May seem a bit of a sensational (and some would say hypocritical) way for me to start a blog, but at the moment, that’s the way I feel about the damned stuff! But before I divulge my reasons behind that attention-grabbing, Catholic-styled exclamation, allow me to tell you about my Friday night!

It was the birthday (22nd for the obsessives out their) of a friend of a friend (hello Lindsey) on friday. And because she knows me, and we know a cross-section of Harlow/Cambridge society, I was invited along with everyone else to celebrate her survival of another year. So Friday evening, I drive Goon, Jen, and Dean up to Cambridge, and Larter eventually follows about an hour later. I must confess (and I’m not particularly proud of this) that I was stoned by the time I parked my car outside my girlfriends house in Cambridge. In the car one thing had led to another, and my pipe had emerged and Goon and I ‘blazed it up’. So anywho, I checked in on the missus, who decided she was too ill to go out, but wanted me to go enjoy myself anyway. Being a pragmatic soul, this was not a problem for me!

We got to the SU, and it made me wish I’d gone to a real university myself, rather than the psuedo-uni, ACM. Not only were the wome (and I mean almost all of them) insanely hot, the drink was insanely cheap! For instance, my first round consisted of two double-vodka & cokes. It cost me £3.40. Three pounds, forty pence!

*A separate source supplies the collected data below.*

lemma common_scale_mass_eq:
  fixes F :: "real \<Rightarrow> real \<Rightarrow> ennreal" and x :: "nat \<Rightarrow> real ^ 'p" and y :: "nat \<Rightarrow> real"
  assumes F: "(\<lambda>(z, \<delta>). F z \<delta>) \<in> borel_measurable (borel \<Otimes>\<^sub>M borel)"
    and [measurable]: "pd \<in> borel_measurable borel" "\<Delta> \<in> sets borel"
    and k: "k > 0" and A: "A > 0" and pg: "pg \<ge> 0"
  shows "(\<integral>\<^sup>+\<beta>. \<integral>\<^sup>+\<sigma>. \<integral>\<^sup>+\<delta>.
      (\<Prod>j<n. ennreal (2 / (\<sigma> * A)) * F ((y j - x j \<bullet> \<beta>) / (\<sigma> * k)) \<delta>) * ennreal pg
        * ennreal (pd \<delta>) * ennreal (\<sigma> powr -q) * indicator {0<..} \<sigma> * indicator \<Delta> \<delta>
      \<partial>lborel \<partial>lborel \<partial>lborel)
    = 2 ^ n * ennreal (k powr (real n + q - 1) / A ^ n * pg) * sym_posterior_mass F n x y q \<Delta> pd"
proof -
  note [measurable] = measurable_compose_uncurry[OF F]
  let ?S = "\<lambda>\<beta> s \<delta>. (\<Prod>j<n. ennreal (1 / s) * F ((y j - x j \<bullet> \<beta>) / s) \<delta>)
      * ennreal (pd \<delta>) * ennreal (s powr -q) * indicator \<Delta> \<delta>"
  let ?K = "(2 * k / A) ^ n * k powr q * pg"
  have inner: "(\<integral>\<^sup>+\<delta>. (\<Prod>j<n. ennreal (2 / (\<sigma> * A)) * F ((y j - x j \<bullet> \<beta>) / (\<sigma> * k)) \<delta>) * ennreal pg
        * ennreal (pd \<delta>) * ennreal (\<sigma> powr -q) * indicator {0<..} \<sigma> * indicator \<Delta> \<delta> \<partial>lborel)
      = ennreal ?K * ((\<integral>\<^sup>+\<delta>. ?S \<beta> (\<sigma> * k) \<delta> \<partial>lborel) * indicator {0<..} \<sigma>)" for \<beta> \<sigma>
  proof (cases "\<sigma> > 0")
    case True
    have "(\<integral>\<^sup>+\<delta>. (\<Prod>j<n. ennreal (2 / (\<sigma> * A)) * F ((y j - x j \<bullet> \<beta>) / (\<sigma> * k)) \<delta>) * ennreal pg
        * ennreal (pd \<delta>) * ennreal (\<sigma> powr -q) * indicator {0<..} \<sigma> * indicator \<Delta> \<delta> \<partial>lborel)
      = (\<integral>\<^sup>+\<delta>. ennreal ?K * ?S \<beta> (\<sigma> * k) \<delta> \<partial>lborel)"
      using envelope_integrand_rescale[OF k A True pg, where z = "\<lambda>j. y j - x j \<bullet> \<beta>" and n = n and F = F] True
      by (simp add: mult.assoc)
    also have "\<dots> = ennreal ?K * (\<integral>\<^sup>+\<delta>. ?S \<beta> (\<sigma> * k) \<delta> \<partial>lborel)"
      by (rule nn_integral_cmult) measurable
    finally show ?thesis
      using True by simp
  qed simp
  have rescale: "(\<integral>\<^sup>+\<sigma>\<in>{0<..}. (\<integral>\<^sup>+\<delta>. ?S \<beta> (\<sigma> * k) \<delta> \<partial>lborel) \<partial>lborel)
      = ennreal (1 / k) * (\<integral>\<^sup>+s\<in>{0<..}. (\<integral>\<^sup>+\<delta>. ?S \<beta> s \<delta> \<partial>lborel) \<partial>lborel)" for \<beta>
    by (rule nn_integral_pos_half_line_rescale[OF _ k]) measurable
  have "(\<integral>\<^sup>+\<beta>. \<integral>\<^sup>+\<sigma>. \<integral>\<^sup>+\<delta>.
      (\<Prod>j<n. ennreal (2 / (\<sigma> * A)) * F ((y j - x j \<bullet> \<beta>) / (\<sigma> * k)) \<delta>) * ennreal pg
        * ennreal (pd \<delta>) * ennreal (\<sigma> powr -q) * indicator {0<..} \<sigma> * indicator \<Delta> \<delta>
      \<partial>lborel \<partial>lborel \<partial>lborel)
      = (\<integral>\<^sup>+\<beta>. ennreal ?K * (\<integral>\<^sup>+\<sigma>\<in>{0<..}. (\<integral>\<^sup>+\<delta>. ?S \<beta> (\<sigma> * k) \<delta> \<partial>lborel) \<partial>lborel) \<partial>lborel)"
    unfolding inner by (intro nn_integral_cong nn_integral_cmult) measurable
  also have "\<dots> = (\<integral>\<^sup>+\<beta>. ennreal ?K * (ennreal (1 / k)
      * (\<integral>\<^sup>+s\<in>{0<..}. (\<integral>\<^sup>+\<delta>. ?S \<beta> s \<delta> \<partial>lborel) \<partial>lborel)) \<partial>lborel)"
    by (simp only: rescale)
  also have "\<dots> = (\<integral>\<^sup>+\<beta>. ennreal (?K / k) * (\<integral>\<^sup>+s\<in>{0<..}. (\<integral>\<^sup>+\<delta>. ?S \<beta> s \<delta> \<partial>lborel) \<partial>lborel) \<partial>lborel)"
    using k A pg by (simp add: mult.assoc[symmetric] ennreal_mult[symmetric])
  also have "\<dots> = ennreal (?K / k) * sym_posterior_mass F n x y q \<Delta> pd"
    unfolding sym_posterior_mass_def by (rule nn_integral_cmult) measurable
  finally show ?thesis
    by (simp only: rescaled_constant_eq[OF k A pg])
qed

I was fething ecstatic! Anyway, the drinking commenced.

Larter and I were comparing camera-phones, when he decided it would be a real good idea to take a picture of the two random girls sitting around the same sofa/coffee table as the rest of us. We both took the picture. They didn’t seem to mind, and  smiled nicely for us. Then I tried to pass off our strange behaviour with the following words: “Don’t mind us – we’re just MySpace whores”. However, due to the music, talking, and generak hubbub of the SU in full swing,  I believe that all they heard were the words “MySpace whores” directed at them. They looked offended and annoyed, and then left the area. They didn’t come back.

Don’t know if any of you know the ARU SU, but downstairs they have a large screen suspended above the dancefloor, which you can text at a cost of 25p per message, and have your (non-offensive)  message displayed for all to see. I though this was great, and sent a couple of messages, as did a few others. By the end of the night, they had degenerated into obscure Warhammer 40,000 quotes… and I spent about £5 on messages to that bloody board! The picture on my phone of the screen displaying the words “AVE IMERATOR! Suffer not the Witch to live!” is quite funny though…

Anywho, on the walk home, there was the inevitable verbal slanging match between us Harlowites, and the native Cambridgians, but they soon backed down when they realised we were more than willing and indeed able to back up our mouths. I was – according to Goon – threatening to ‘stab people up’. How I planned to do this is beyond me, since the sharpest thing I had about my person would have been a guitar plectrum, which is hardly renowned for it’s stabbing capabilities.  I made it back to Aimee’s, where I seemingly proceeded to talk rubbish, fall of her bed, and roll around the floor, much to my dearests amusement. I finally made it into bed about 4:30am…

… which is why I missed meeting Dan Abnett, one of my favourite authors, at the Cambridge Ganes Workshop store the following afternoon!

I awoke at about 2pm, to find Aimee showered, dressed, and all but ready to go out and about. She had apparently tried to wake me, but I was dead to the world. By the time I managed to get out of bed (feth, but I felt ill!) and get dressed, ate, and started shambling towards Cambridge cuty centre – we both agreed I was still drunk from the night before, and in no condition to drive – it was gone 4pm, and I was at least an hour away. I knew the store would be closed, and Mr Abnett gone by the time I dragged my haggard-looking, slightly pickled carcass there. So I slinked home behind Aimee, dejected, and feeling slightly angry at myself.

So there, that’s why alcohol is (currently) evil. Of course, my opinion will probably have changed by Friday again…

On the plus side (yes, there is a plus side, even after missing the opportunity to meet one of my literary heroes), I have been booked to play a gig! Yes, after nearly two years without playing a gig, I am being paid to get back on stage with my guitar!

But alas, I need to go shower now, because I smell like a dead cat.

Oh, and hello Goon, reading my blog for the first time!